If $$\mathbf{A}$$ is a square $$(N \times N)$$ matrix, its inverse, given by $$\mathbf{A}^{-1}$$, is the matrix such that

$\mathbf{A}\mathbf{A}^{-1} = \mathbf{A}^{-1}\mathbf{A} = I_N.$

## Matrix Calculus¶

Dealing with multiple parameters, multiple observations, and sometimes multiple loss functions, we will often have to take multiple derivatives at once in this book. This is done with matrix calculus.
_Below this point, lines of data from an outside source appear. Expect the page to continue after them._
(* Let $\Delta=\{q\in\mathbb R_+^C:\sum_cq_c=1\}$ and let $\widehat p$ be in the relative interior of $\Delta$ (all entries positive). For any $\widehat t,t^\star\in\mathbb R^C$, any $\rho\in\mathbb R_+^C$ and any $\varepsilon\ge\widehat p^\top\rho$, \[\sup\Big\{q^\top t^\star-\widehat p^\top\widehat t:\ q\in\Delta,\ \sum_{c=1}^Cq_c(\log q_c-\log\widehat p_c+\rho_c)\le\varepsilon\Big\}\le\|t^\star-\widehat t\|_\infty+\frac{\sqrt{2\varepsilon}}{\min_c\sqrt{\widehat p_c}}\sqrt{\sum_{c=1}^C\widehat p_c(\widehat t_c-\bar t)^2},\] where $\bar t=\widehat p^\top\widehat t$.
   Context: The convention $0\log0=0$ is used. *)

theory Defs
  imports "HOL-Analysis.Analysis"
begin

definition prob_simplex :: "('c::finite \<Rightarrow> real) set" where
  "prob_simplex = {q. (\<forall>c. q c \<ge> 0) \<and> (\<Sum>c\<in>UNIV. q c) = 1}"

text \<open>The term q_c (log q_c - log p_c + rho_c), with the convention 0 log 0 = 0:
  it is taken to be 0 when q_c = 0.\<close>
definition klterm :: "real \<Rightarrow> real \<Rightarrow> real \<Rightarrow> real" where
  "klterm q p r = (if q = 0 then 0 else q * (ln q - ln p + r))"

end

theory Submission
  imports Defs
begin

(* For p, q in (0,1] the function x |-> x ln(x/p) - (x - p) - (x - p)^2/2 vanishes at p and has
   derivative ln(x/p) - (x - p), which by ln y <= y - 1 has the sign of x - p on (0,1]. Summed
   over the classes, the KL constraint thus bounds the squared Euclidean distance |q - p|^2 by
   2 eps. The gap q.t* - p.t splits into q.(t* - t), at most |t* - t|_inf, plus
   (q - p).(t - tbar), which Cauchy-Schwarz with weights sqrt p_c bounds by
   |q - p| / min_c sqrt p_c times the p-standard deviation of t. *)

lemma mul_ln_div_ge_quadratic:
  fixes q p :: real
  assumes "0 < q" "q \<le> 1" "0 < p" "p \<le> 1"
  shows "(q - p) + (q - p)\<^sup>2 / 2 \<le> q * (ln q - ln p)"
proof -
  define \<phi> where "\<phi> x = x * (ln x - ln p) - (x - p) - (x - p)\<^sup>2 / 2" for x
  have deriv: "(\<phi> has_real_derivative (ln x - ln p - (x - p))) (at x)" if "0 < x" for x
    unfolding \<phi>_def using that by (auto intro!: derivative_eq_intros simp: field_simps)
  have above: "x - p \<le> ln x - ln p" if "p \<le> x" "x \<le> 1" for x
  proof -
    have "ln (p / x) \<le> p / x - 1" using that assms by (intro ln_le_minus_one) auto
    then have "(x - p) / x \<le> ln x - ln p" using that assms by (simp add: ln_div field_simps)
    moreover have "x - p \<le> (x - p) / x"
      using that assms by (simp add: le_divide_eq mult_left_le)
    ultimately show ?thesis by linarith
  qed
  have below: "ln x - ln p \<le> x - p" if "0 < x" "x \<le> p" for x
  proof -
    have "ln (x / p) \<le> x / p - 1" using that assms by (intro ln_le_minus_one) auto
    then have "ln x - ln p \<le> (x - p) / p" using that assms by (simp add: ln_div field_simps)
    moreover have "(x - p) / p \<le> x - p"
      using that assms mult_left_mono_neg[of p 1 "x - p"] by (simp add: divide_le_eq)
    ultimately show ?thesis by linarith
  qed
  have "\<phi> p \<le> \<phi> q"
  proof (cases "p \<le> q")
    case True
    show ?thesis
      by (rule DERIV_nonneg_imp_nondecreasing[OF True])
        (use deriv above assms in \<open>force\<close>)
  next
    case False
    show ?thesis
      by (rule DERIV_nonpos_imp_nonincreasing[of q p])
        (use False deriv below assms in \<open>force\<close>)+
  qed
  then show ?thesis by (simp add: \<phi>_def)
qed

lemma klterm_ge_quadratic:
  assumes "0 \<le> q" "q \<le> 1" "0 < p" "p \<le> 1" "0 \<le> r"
  shows "(q - p) + (q - p)\<^sup>2 / 2 \<le> klterm q p r"
proof (cases "q = 0")
  case True
  then show ?thesis using assms by (simp add: klterm_def power2_eq_square)
next
  case False
  then have "(q - p) + (q - p)\<^sup>2 / 2 \<le> q * (ln q - ln p)"
    using assms by (intro mul_ln_div_ge_quadratic) auto
  also have "\<dots> \<le> klterm q p r" using False assms by (simp add: klterm_def algebra_simps)
  finally show ?thesis .
qed

lemma prob_simplex_le_one:
  assumes "q \<in> prob_simplex"
  shows "q c \<le> 1"
proof -
  have "q c \<le> (\<Sum>d\<in>UNIV. q d)"
    using assms by (intro member_le_sum) (auto simp: prob_simplex_def)
  then show ?thesis using assms by (simp add: prob_simplex_def)
qed

lemma sum_sq_diff_le_klterm:
  assumes q: "q \<in> prob_simplex" and p: "p \<in> prob_simplex" "\<forall>c. 0 < p c"
    and rho: "\<forall>c. 0 \<le> rho c"
  shows "(\<Sum>c\<in>UNIV. (q c - p c)\<^sup>2) \<le> 2 * (\<Sum>c\<in>UNIV. klterm (q c) (p c) (rho c))"
proof -
  have "(\<Sum>c\<in>UNIV. (q c - p c)\<^sup>2) / 2 = (\<Sum>c\<in>UNIV. (q c - p c) + (q c - p c)\<^sup>2 / 2)"
    using q p by (simp add: prob_simplex_def sum.distrib sum_subtractf sum_divide_distrib)
  also have "\<dots> \<le> (\<Sum>c\<in>UNIV. klterm (q c) (p c) (rho c))"
    using q p rho prob_simplex_le_one[OF q] prob_simplex_le_one[OF p(1)]
    by (intro sum_mono klterm_ge_quadratic) (auto simp: prob_simplex_def)
  finally show ?thesis by simp
qed

lemma prob_simplex_sum_le:
  assumes "q \<in> prob_simplex" "\<And>c. f c \<le> B"
  shows "(\<Sum>c\<in>UNIV. q c * f c) \<le> B"
proof -
  have "(\<Sum>c\<in>UNIV. q c * f c) \<le> (\<Sum>c\<in>UNIV. q c * B)"
    using assms by (intro sum_mono mult_left_mono) (auto simp: prob_simplex_def)
  also have "\<dots> = B" using assms(1) by (simp add: prob_simplex_def flip: sum_distrib_right)
  finally show ?thesis .
qed

lemma weighted_Cauchy_Schwarz_sum:
  fixes u s p :: "'a \<Rightarrow> real"
  assumes p: "\<And>c. c \<in> A \<Longrightarrow> 0 < p c" and m: "0 < m" "\<And>c. c \<in> A \<Longrightarrow> m \<le> sqrt (p c)"
  shows "(\<Sum>c\<in>A. u c * s c) \<le> sqrt (\<Sum>c\<in>A. (u c)\<^sup>2) / m * sqrt (\<Sum>c\<in>A. p c * (s c)\<^sup>2)"
proof -
  have "(\<Sum>c\<in>A. u c * s c) = (\<Sum>c\<in>A. (u c / sqrt (p c)) * (sqrt (p c) * s c))"
    using p by (intro sum.cong) (auto simp: less_imp_neq[symmetric])
  then have "(\<Sum>c\<in>A. u c * s c)\<^sup>2
        \<le> (\<Sum>c\<in>A. (u c / sqrt (p c))\<^sup>2) * (\<Sum>c\<in>A. (sqrt (p c) * s c)\<^sup>2)"
    by (simp only: Cauchy_Schwarz_ineq_sum)
  also have "\<dots> \<le> (\<Sum>c\<in>A. (u c)\<^sup>2 / m\<^sup>2) * (\<Sum>c\<in>A. p c * (s c)\<^sup>2)"
  proof (rule mult_mono)
    show "(\<Sum>c\<in>A. (u c / sqrt (p c))\<^sup>2) \<le> (\<Sum>c\<in>A. (u c)\<^sup>2 / m\<^sup>2)"
    proof (rule sum_mono)
      fix c assume c: "c \<in> A"
      have "m\<^sup>2 \<le> (sqrt (p c))\<^sup>2" using m c by (intro power_mono) auto
      then have "m\<^sup>2 \<le> p c" using p[OF c] by simp
      then show "(u c / sqrt (p c))\<^sup>2 \<le> (u c)\<^sup>2 / m\<^sup>2"
        using p[OF c] m by (simp add: power_divide divide_left_mono)
    qed
    show "(\<Sum>c\<in>A. (sqrt (p c) * s c)\<^sup>2) \<le> (\<Sum>c\<in>A. p c * (s c)\<^sup>2)"
      using p by (intro sum_mono) (simp add: power_mult_distrib less_imp_le)
  qed (auto intro: sum_nonneg)
  finally have "(\<Sum>c\<in>A. u c * s c)\<^sup>2 \<le> ((\<Sum>c\<in>A. (u c)\<^sup>2) / m\<^sup>2) * (\<Sum>c\<in>A. p c * (s c)\<^sup>2)"
    by (simp add: sum_divide_distrib)
  then have "\<bar>\<Sum>c\<in>A. u c * s c\<bar> \<le> sqrt ((\<Sum>c\<in>A. (u c)\<^sup>2) / m\<^sup>2 * (\<Sum>c\<in>A. p c * (s c)\<^sup>2))"
    by (metis real_sqrt_abs real_sqrt_le_mono)
  also have "\<dots> = sqrt (\<Sum>c\<in>A. (u c)\<^sup>2) / m * sqrt (\<Sum>c\<in>A. p c * (s c)\<^sup>2)"
    using m by (simp add: real_sqrt_mult real_sqrt_divide)
  finally show ?thesis by linarith
qed

lemma kl_constrained_gap_le:
  fixes p q t tstar rho :: "'c::finite \<Rightarrow> real"
  assumes p: "p \<in> prob_simplex" "\<forall>c. 0 < p c" and q: "q \<in> prob_simplex"
    and rho: "\<forall>c. 0 \<le> rho c" and kl: "(\<Sum>c\<in>UNIV. klterm (q c) (p c) (rho c)) \<le> eps"
    and M: "\<And>c. \<bar>tstar c - t c\<bar> \<le> M" and m: "0 < m" "\<And>c. m \<le> sqrt (p c)"
  shows "(\<Sum>c\<in>UNIV. q c * tstar c) - (\<Sum>c\<in>UNIV. p c * t c)
         \<le> M + sqrt (2 * eps) / m * sqrt (\<Sum>c\<in>UNIV. p c * (t c - (\<Sum>d\<in>UNIV. p d * t d))\<^sup>2)"
    (is "_ \<le> _ + _ * sqrt ?V")
proof -
  define tbar where "tbar = (\<Sum>d\<in>UNIV. p d * t d)"
  have "(\<Sum>c\<in>UNIV. (q c - p c) * (t c - tbar))
        = (\<Sum>c\<in>UNIV. q c * t c) - (\<Sum>c\<in>UNIV. p c * t c) - tbar * ((\<Sum>c\<in>UNIV. q c) - (\<Sum>c\<in>UNIV. p c))"
    by (simp add: algebra_simps sum_subtractf sum_distrib_left sum_distrib_right sum.distrib)
  then have "(\<Sum>c\<in>UNIV. q c * tstar c) - (\<Sum>c\<in>UNIV. p c * t c)
        = (\<Sum>c\<in>UNIV. q c * (tstar c - t c)) + (\<Sum>c\<in>UNIV. (q c - p c) * (t c - tbar))"
    using p(1) q by (simp add: prob_simplex_def right_diff_distrib sum_subtractf)
  also have "(\<Sum>c\<in>UNIV. q c * (tstar c - t c)) \<le> M"
    using q M by (intro prob_simplex_sum_le) (auto intro: order_trans[OF abs_ge_self])
  also have "(\<Sum>c\<in>UNIV. (q c - p c) * (t c - tbar))
             \<le> sqrt (\<Sum>c\<in>UNIV. (q c - p c)\<^sup>2) / m * sqrt ?V"
    unfolding tbar_def using p m by (intro weighted_Cauchy_Schwarz_sum) auto
  also have "\<dots> \<le> sqrt (2 * eps) / m * sqrt ?V"
  proof (rule mult_right_mono)
    have "0 \<le> ?V" using p(2) by (intro sum_nonneg mult_nonneg_nonneg) (auto simp: less_imp_le)
    then show "0 \<le> sqrt ?V" by simp
  qed (use sum_sq_diff_le_klterm[OF q p rho] kl m in \<open>auto intro!: divide_right_mono\<close>)
  finally show ?thesis by simp
qed

theorem lemmaC1:
  fixes p t tstar rho :: "'c::finite \<Rightarrow> real" and eps :: real
  assumes "p \<in> prob_simplex" and "\<forall>c. p c > 0"
    and "\<forall>c. rho c \<ge> 0"
    and "eps \<ge> (\<Sum>c\<in>UNIV. p c * rho c)"
  shows "Sup {(\<Sum>c\<in>UNIV. q c * tstar c) - (\<Sum>c\<in>UNIV. p c * t c) | q.
              q \<in> prob_simplex \<and> (\<Sum>c\<in>UNIV. klterm (q c) (p c) (rho c)) \<le> eps}
         \<le> (MAX c\<in>UNIV. \<bar>tstar c - t c\<bar>)
           + sqrt (2 * eps) / (MIN c\<in>UNIV. sqrt (p c))
             * sqrt (\<Sum>c\<in>UNIV. p c * (t c - (\<Sum>d\<in>UNIV. p d * t d))\<^sup>2)"
    (is "Sup ?S \<le> ?B")
proof (rule cSup_least)
  have "(\<Sum>c\<in>UNIV. klterm (p c) (p c) (rho c)) = (\<Sum>c\<in>UNIV. p c * rho c)"
    using assms(2) by (intro sum.cong) (auto simp: klterm_def)
  then show "?S \<noteq> {}" using assms(1,4) by fastforce
next
  fix x assume "x \<in> ?S"
  then obtain q where x: "x = (\<Sum>c\<in>UNIV. q c * tstar c) - (\<Sum>c\<in>UNIV. p c * t c)"
    and q: "q \<in> prob_simplex" and kl: "(\<Sum>c\<in>UNIV. klterm (q c) (p c) (rho c)) \<le> eps"
    by blast
  have "0 < (MIN c\<in>UNIV. sqrt (p c))" using assms(2) by (simp add: Min_gr_iff)
  then show "x \<le> ?B" unfolding x
    using assms(1-3) q kl by (intro kl_constrained_gap_le) auto
qed

end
In this book, we will use the numerator layout convention for matrix derivatives. This is most easily shown with examples. First, let $$a$$ be a scalar and $$\mathbf{u}$$ be a vector of length $$I$$. The derivative of $$a$$ with respect to $$\bu$$ is given by

$\dadb{a}{\mathbf{u}} = \begin{pmatrix} \dadb{a}{u_1} & .. & \dadb{a}{u_I}\end{pmatrix} \in \R^{I},$

and the derivative of $$\bu$$ with respect to $$a$$ is given by

$\begin{split} \dadb{\bu}{a} = \begin{pmatrix} \dadb{u_1}{a} \\ ... \\ \dadb{u_I}{a} \end{pmatrix} \R^I. \end{split}$

Note that in either case, the first dimension of the derivative is determined by what’s in the numerator. Similarly, letting $$\bv$$ be a vector of length $$J$$, the derivative of $$\bu$$ with respect to $$\bv$$ is given with

$\begin{split} \dadb{\bu}{\bv} = \begin{pmatrix} \dadb{u_1}{v_1} & ... & \dadb{u_1}{v_J} \\ & ... & \\ \dadb{u_I}{v_1} & ... & \dadb{u_I}{v_J}\end{pmatrix} \in \R^{I \times J}. \end{split}$

We will also have to take derivatives of or with respect to matrices. Let $$\bX$$ be a $$(N \times D)$$ matrix. The derivative of $$\bX$$ with respect to a constant $$a$$ is given by

$\begin{split} \dadb{\bX}{a} = \begin{pmatrix} \dadb{X_{11}}{a} & ... & \dadb{X_{1D}}{a} \\ & ... & \\ \dadb{X_{N1}}{a} & ... & \dadb{X_{ND}}{a}\end{pmatrix} \in \R^{N \times D}, \end{split}$

and conversely the derivative of $$a$$ with respect to $$\bX$$ is given by

$\begin{split} \dadb{a}{\bX} = \begin{pmatrix} \dadb{a}{X_{11}} & ... & \dadb{a}{X_{1D}} \\ & ... & \\ \dadb{a}{X_{N1}} & ... & \dadb{a}{X_{ND}} \end{pmatrix} \in \R^{N \times D}. \end{split}$

Finally, we will occasionally need to take derivatives of vectors with respect to matrices or vice versa. This results in a tensor of 3 or more dimensions. Two examples are given below. First, the derivative of $$\bu \in \R^I$$ with respect to $$\bX \in \R^{N \times D}$$ is given by

$\begin{split} \dadb{\bu}{\bX} = \begin{pmatrix} \begin{pmatrix} \dadb{u_1}{X_{11}} & ... & \dadb{u_1}{X_{1D}} \\ & ... & \\ \dadb{u_1}{X_{N1}} & ... & \dadb{u_1}{X_{ND}} \end{pmatrix} & ... & \begin{pmatrix} \dadb{u_I}{X_{11}} & ... & \dadb{u_I}{X_{1D}} \\ & ... & \\ \dadb{u_I}{X_{N1}} & ... & \dadb{u_I}{X_{ND}} \end{pmatrix} \end{pmatrix} \in \R^{I \times N \times D}, \end{split}$

and the derivative of $$\bX$$ with respect to $$\bu$$ is given by

$\begin{split} \dadb{\bX}{\bu} = \begin{pmatrix} \begin{pmatrix} \dadb{X_{11}}{u_1} & ... & \dadb{X_{11}}{u_I} \end{pmatrix} & ... & \begin{pmatrix} \dadb{X_{1D}}{u_1} & ... & \dadb{X_{1D}}{u_I}\end{pmatrix} \\ & ... & \\ \begin{pmatrix}\dadb{X_{N1}}{u_1} & ... & \dadb{X_{N1}}{u_I} \end{pmatrix} & ... & \begin{pmatrix}\dadb{X_{ND}}{u_1} & ... & \dadb{X_{ND}}{u_I}\end{pmatrix} \\ \end{pmatrix} \in \R^{N \times D \times I}. \end{split}$

Notice again that what we are taking the derivative of determines the first dimension(s) of the derivative and what we are taking the derivative with respect to determines the last.